• [Activity]:
Every line of the data below is to be written out again exactly.

»»

lemma finite_x_monomials:
  assumes nu: "length nu = s" shows "finite (x_monomials s ns nu)"
proof -
  define V where "V = (\<lambda>(i,j). X i j) ` (SIGMA i:{..<s}. {..ns ! i})"
  have "Poly_Mapping.lookup m v \<le> sum_list nu" if m: "m \<in> x_monomials s ns nu" for m v
  proof (cases "v \<in> Poly_Mapping.keys m")
    case True
    then obtain i j where ij: "v = X i j" "i < s" "j \<le> ns ! i" using m unfolding x_monomials_def by blast
    have "Poly_Mapping.lookup m v \<le> xdeg_comp ns i m"
      unfolding xdeg_comp_def ij(1) by (rule member_le_sum) (use ij in auto)
    also have "\<dots> = nu ! i" using m ij(2) xdeg_eq_iff[OF nu] unfolding x_monomials_def by blast
    also have "\<dots> \<le> sum_list nu" using ij(2) nu by (simp add: elem_le_sum_list)
    finally show ?thesis .
  qed (simp add: in_keys_iff)
  moreover have "Poly_Mapping.keys m \<subseteq> V" if "m \<in> x_monomials s ns nu" for m
    using that unfolding x_monomials_def V_def by force
  ultimately have "x_monomials s ns nu
      \<subseteq> {m. Poly_Mapping.keys m \<subseteq> V \<and> (\<forall>v. Poly_Mapping.lookup m v \<le> sum_list nu)}"
    by blast
  then show ?thesis
    by (rule finite_subset) (rule finite_bounded_poly_mappings, simp add: V_def)
qed

definition t_coeff :: "('k::field) mpoly \<Rightarrow> (var \<Rightarrow>\<^sub>0 nat) \<Rightarrow> 'k mpoly" where
  "t_coeff f g = (\<Sum>m\<in>{m\<in>Poly_Mapping.keys f. x_part m = g}.
                    Poly_Mapping.single (t_part m) (Poly_Mapping.lookup f m))"

lemma t_coeff_in_Aring: "f \<in> Sring s ns r \<Longrightarrow> t_coeff f g \<in> Aring r"
  unfolding t_coeff_def
  by (rule subring_sum[OF subring_Aring])
    (fastforce simp: Sring_def Aring_def valid_var_def in_keys_iff lookup_t_part is_xvar_def
      split: var.splits if_splits)

lemma Spiece_sum_t_coeff:
  assumes f: "f \<in> Spiece s ns r nu" and nu: "length nu = s"
  shows "f = (\<Sum>g\<in>x_monomials s ns nu. t_coeff f g * Poly_Mapping.single g 1)"
proof -
  have x_part_mem: "x_part m \<in> x_monomials s ns nu" if m: "m \<in> Poly_Mapping.keys f" for m
    using f m xdeg_x_part[of s ns m]
    by (fastforce simp: Spiece_def Sring_def x_monomials_def valid_var_def in_keys_iff lookup_x_part
        is_xvar_def split: var.splits if_splits)
  have "(\<Sum>g\<in>x_monomials s ns nu. t_coeff f g * Poly_Mapping.single g 1)
      = (\<Sum>g\<in>x_monomials s ns nu. \<Sum>m\<in>{m\<in>Poly_Mapping.keys f. x_part m = g}.
           Poly_Mapping.single m (Poly_Mapping.lookup f m))"
    unfolding t_coeff_def sum_distrib_right
    by (intro sum.cong refl) (auto simp: mult_single t_part_add_x_part)
  also have "\<dots> = (\<Sum>m\<in>Poly_Mapping.keys f. Poly_Mapping.single m (Poly_Mapping.lookup f m))"
    by (rule sum.group) (use finite_x_monomials[OF nu] x_part_mem in auto)
  also have "\<dots> = f" by (rule poly_mapping_sum_singles[symmetric])
  finally show ?thesis by simp
qed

««

• [Result of the exercise]:
lemma finite_x_monomials:
  assumes nu: "length nu = s" shows "finite (x_monomials s ns nu)"
proof -
  define V where "V = (\<lambda>(i,j). X i j) ` (SIGMA i:{..<s}. {..ns ! i})"
  have "Poly_Mapping.lookup m v \<le> sum_list nu" if m: "m \<in> x_monomials s ns nu" for m v
  proof (cases "v \<in> Poly_Mapping.keys m")
    case True
    then obtain i j where ij: "v = X i j" "i < s" "j \<le> ns ! i" using m unfolding x_monomials_def by blast
    have "Poly_Mapping.lookup m v \<le> xdeg_comp ns i m"
      unfolding xdeg_comp_def ij(1) by (rule member_le_sum) (use ij in auto)
    also have "\<dots> = nu ! i" using m ij(2) xdeg_eq_iff[OF nu] unfolding x_monomials_def by blast
    also have "\<dots> \<le> sum_list nu" using ij(2) nu by (simp add: elem_le_sum_list)
    finally show ?thesis .
  qed (simp add: in_keys_iff)
  moreover have "Poly_Mapping.keys m \<subseteq> V" if "m \<in> x_monomials s ns nu" for m
    using that unfolding x_monomials_def V_def by force
  ultimately have "x_monomials s ns nu
      \<subseteq> {m. Poly_Mapping.keys m \<subseteq> V \<and> (\<forall>v. Poly_Mapping.lookup m v \<le> sum_list nu)}"
    by blast
  then show ?thesis
    by (rule finite_subset) (rule finite_bounded_poly_mappings, simp add: V_def)
qed

definition t_coeff :: "('k::field) mpoly \<Rightarrow> (var \<Rightarrow>\<^sub>0 nat) \<Rightarrow> 'k mpoly" where
  "t_coeff f g = (\<Sum>m\<in>{m\<in>Poly_Mapping.keys f. x_part m = g}.
                    Poly_Mapping.single (t_part m) (Poly_Mapping.lookup f m))"

lemma t_coeff_in_Aring: "f \<in> Sring s ns r \<Longrightarrow> t_coeff f g \<in> Aring r"
  unfolding t_coeff_def
  by (rule subring_sum[OF subring_Aring])
    (fastforce simp: Sring_def Aring_def valid_var_def in_keys_iff lookup_t_part is_xvar_def
      split: var.splits if_splits)

lemma Spiece_sum_t_coeff:
  assumes f: "f \<in> Spiece s ns r nu" and nu: "length nu = s"
  shows "f = (\<Sum>g\<in>x_monomials s ns nu. t_coeff f g * Poly_Mapping.single g 1)"
proof -
  have x_part_mem: "x_part m \<in> x_monomials s ns nu" if m: "m \<in> Poly_Mapping.keys f" for m
    using f m xdeg_x_part[of s ns m]
    by (fastforce simp: Spiece_def Sring_def x_monomials_def valid_var_def in_keys_iff lookup_x_part
        is_xvar_def split: var.splits if_splits)
  have "(\<Sum>g\<in>x_monomials s ns nu. t_coeff f g * Poly_Mapping.single g 1)
      = (\<Sum>g\<in>x_monomials s ns nu. \<Sum>m\<in>{m\<in>Poly_Mapping.keys f. x_part m = g}.
           Poly_Mapping.single m (Poly_Mapping.lookup f m))"
    unfolding t_coeff_def sum_distrib_right
    by (intro sum.cong refl) (auto simp: mult_single t_part_add_x_part)
  also have "\<dots> = (\<Sum>m\<in>Poly_Mapping.keys f. Poly_Mapping.single m (Poly_Mapping.lookup f m))"
    by (rule sum.group) (use finite_x_monomials[OF nu] x_part_mem in auto)
  also have "\<dots> = f" by (rule poly_mapping_sum_singles[symmetric])
  finally show ?thesis by simp
qed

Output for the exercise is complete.